Segment Open

lemma SUP_ratio_tendsto_1:
  fixes f g :: "'b \<Rightarrow> 'a \<Rightarrow> real"
  assumes close: "\<And>t x. x \<in> S \<Longrightarrow> \<bar>f t x - g t x\<bar> \<le> e t" and e: "(e \<longlongrightarrow> 0) F"
    and bdd: "\<And>t. bdd_above (g t ` S)"
    and x0: "x0 \<in> S" and d: "0 < d" "\<And>t. d \<le> g t x0"
  shows "((\<lambda>t. (SUP x\<in>S. f t x) / (SUP x\<in>S. g t x)) \<longlongrightarrow> 1) F"
proof (rule tendsto_divide_1_if_close[OF _ e d(1)])
  have "S \<noteq> {}" using x0 by blast
  moreover have "bdd_above (f t ` S)" for t
    using bdd close by (rule bdd_above_image_if_close)
  ultimately have "\<bar>(SUP x\<in>S. f t x) - (SUP x\<in>S. g t x)\<bar> \<le> e t" for t
    using bdd close by (rule cSUP_abs_diff_le)
  then show "\<forall>\<^sub>F t in F. \<bar>(SUP x\<in>S. f t x) - (SUP x\<in>S. g t x)\<bar> \<le> e t"
    by (simp add: always_eventually)
  show "\<forall>\<^sub>F t in F. d \<le> (SUP x\<in>S. g t x)"
    by (intro always_eventually allI order_trans[OF d(2) cSUP_upper[OF x0 bdd]])
qed

locale vec_norm =
  fixes N :: "complex ^ 'n \<Rightarrow> real"
  assumes is_vec_norm: "is_vec_norm N"
begin

lemma N_nonneg: "0 \<le> N x" and N_eq_0_iff: "N x = 0 \<longleftrightarrow> x = 0"
  and N_smult: "N (c *s x) = cmod c * N x" and N_triangle: "N (x + y) \<le> N x + N y"
  using is_vec_norm unfolding is_vec_norm_def by auto

lemma N_zero [simp]: "N 0 = 0"
  using N_eq_0_iff by simp

lemma N_abs_diff_le: "\<bar>N x - N y\<bar> \<le> N (x - y)"
proof -
  have "N (y - x) = N (x - y)"
    using N_smult[of "-1" "x - y"] by (simp add: vector_sneg_minus1[symmetric])
  then show ?thesis using N_triangle[of "x - y" y] N_triangle[of "y - x" x] by simp
qed

lemma N_sum_le: "N (sum f S) \<le> (\<Sum>i\<in>S. N (f i))"
proof (induction S rule: infinite_finite_induct)
  case (insert x F)
  then show ?case using N_triangle[of "f x" "sum f F"] by simp
qed simp_all

lemma N_le_norm: obtains K where "0 \<le> K" "\<And>x. N x \<le> K * norm x"
proof
  show "0 \<le> (\<Sum>i\<in>UNIV. N (axis i 1))" by (simp add: sum_nonneg N_nonneg)
  fix x :: "complex^'n"
  have "N x = N (\<Sum>i\<in>UNIV. x$i *s axis i 1)" by (simp add: basis_expansion)
  also have "\<dots> \<le> (\<Sum>i\<in>UNIV. N (x$i *s axis i 1))" by (rule N_sum_le)
  also have "\<dots> = (\<Sum>i\<in>UNIV. cmod (x$i) * N (axis i 1))" by (simp add: N_smult)
  also have "\<dots> \<le> (\<Sum>i\<in>UNIV. norm x * N (axis i 1))"
    by (intro sum_mono mult_right_mono Finite_Cartesian_Product.norm_nth_le N_nonneg)
  finally show "N x \<le> (\<Sum>i\<in>UNIV. N (axis i 1)) * norm x"
    by (simp add: sum_distrib_left mult.commute)
qed

lemma N_continuous_on: "continuous_on S N"
proof -
  obtain K where K: "0 \<le> K" "\<And>x. N x \<le> K * norm x" using N_le_norm by blast
  have "\<bar>N x - N y\<bar> \<le> K * dist x y" for x y
    using N_abs_diff_le[of x y] K(2)[of "x - y"] by (simp add: dist_norm)
  then have "K-lipschitz_on S N"
    using K(1) by (intro lipschitz_onI) (auto simp: dist_real_def)
  then show ?thesis by (rule lipschitz_on_continuous_on)
qed

(* N attains a positive minimum on the compact Euclidean unit sphere. *)
lemma norm_le_N: obtains c where "0 < c" "\<And>x. norm x \<le> c * N x"
proof -
  have "axis undefined 1 \<in> sphere (0::complex^'n) 1" by (simp add: norm_axis_1)
  then obtain x0 where x0: "x0 \<in> sphere 0 1" "\<And>y. y \<in> sphere 0 1 \<Longrightarrow> N x0 \<le> N y"
    using continuous_attains_inf[OF compact_sphere _ N_continuous_on] by blast
  then have pos: "0 < N x0" using N_eq_0_iff[of x0] N_nonneg[of x0] by fastforce
  moreover have "norm x \<le> 1 / N x0 * N x" for x
  proof (cases "x = 0")
    case False
    have "N x0 \<le> N (complex_of_real (1 / norm x) *s x)"
      using False by (intro x0(2)) (simp add: norm_vector_smult norm_divide)
    also have "\<dots> = N x / norm x" by (simp add: N_smult norm_divide)
    finally show ?thesis using False pos by (simp add: field_simps)
  qed simp
  ultimately show ?thesis using that[of "1 / N x0"] by simp
qed

end

lemma binomial_power_Suc:
  "of_nat (Suc n choose j) * (l::'a::comm_semiring_1) ^ (Suc n - j) =
     of_nat (n choose j) * l ^ (n - j) * l + (if 1 \<le> j then of_nat (n choose (j - 1)) * l ^ (n - (j - 1)) else 0)"
proof (cases j)
  case (Suc i)
  have "of_nat (n choose Suc i) * l ^ (n - Suc i) * l = of_nat (n choose Suc i) * l ^ (n - i)"
  proof (cases "Suc i \<le> n")
    case True
    then have "n - i = Suc (n - Suc i)" by simp
    then show ?thesis by (simp add: mult_ac)
  next
    case False
    then have "n choose Suc i = 0" by simp
    then show ?thesis by (simp del: binomial_eq_0_iff)
  qed
  note top = this
  have "of_nat (Suc n choose j) * l ^ (Suc n - j)
      = of_nat (n choose i) * l ^ (n - i) + of_nat (n choose Suc i) * l ^ (n - i)"
    using Suc by (simp add: distrib_right)
  also have "\<dots> = of_nat (n choose j) * l ^ (n - j) * l + of_nat (n choose (j - 1)) * l ^ (n - (j - 1))"
    unfolding Suc diff_Suc_1 top by (rule add.commute)
  finally show ?thesis using Suc by simp
qed (simp add: mult.commute)

lemma sums_exp_binomial:
  fixes l :: "'a::{real_normed_field,banach}"
  shows "(\<lambda>n. of_real (t^n / fact n) * (of_nat (n choose j) * l ^ (n - j)))
     sums (exp (of_real t * l) * of_real (t^j / fact j))"
proof -
  define f where "f n = of_real (t^n / fact n) * (of_nat (n choose j) * l ^ (n - j))" for n
  have shift: "f (n + j) = of_real (t^j / fact j) * ((of_real t * l)^n /\<^sub>R fact n)" for n
  proof -
    have "(of_nat ((n + j) choose j) :: 'a) = fact (n + j) / (fact j * fact n)"
      by (subst binomial_fact) auto
    then show ?thesis by (simp add: f_def power_add power_mult_distrib field_simps scaleR_conv_of_real)
  qed
  have "(\<lambda>n. f (n + j)) sums (of_real (t^j / fact j) * exp (of_real t * l))"
    unfolding shift by (intro sums_mult exp_converges)
  moreover have "sum f {..<j} = 0" by (intro sum.neutral) (simp add: f_def binomial_eq_0)
  ultimately have "f sums (of_real (t^j / fact j) * exp (of_real t * l))"
    by (simp add: sums_iff_shift)
  moreover have "f = (\<lambda>n. of_real (t^n / fact n) * (of_nat (n choose j) * l ^ (n - j)))"
    by (simp add: fun_eq_iff f_def)
  ultimately show ?thesis by (simp add: mult.commute)
qed

lemma funpow_matrix_vector_sum:
  "((\<lambda>u. (A::'a::field^'n^'n) *v u) ^^ n) (\<Sum>p\<in>S. f p *s w p)
     = (\<Sum>p\<in>S. f p *s ((\<lambda>u. A *v u) ^^ n) (w p))"
  by (induction n) (simp_all add: vec.sum vec.scale)

locale jordan_basis =
  fixes A :: "complex^'n^'n" and C :: "'c set" and lam :: "'c \<Rightarrow> complex"
    and m :: "'c \<Rightarrow> nat" and v :: "'c \<times> nat \<Rightarrow> complex^'n"
  assumes is_jordan_basis: "is_jordan_basis A C lam m v"
begin

abbreviation "J \<equiv> jidx C m"
abbreviation "\<alpha> \<equiv> jcoord C m v"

Segment Closed

WHAT TO DO
Show each line in the listing above that has "finally".

REPLY TO THE TASK
  finally show "N x \<le> (\<Sum>i\<in>UNIV. N (axis i 1)) * norm x"
    finally show ?thesis using False pos by (simp add: field_simps)
  finally show ?thesis using Suc by simp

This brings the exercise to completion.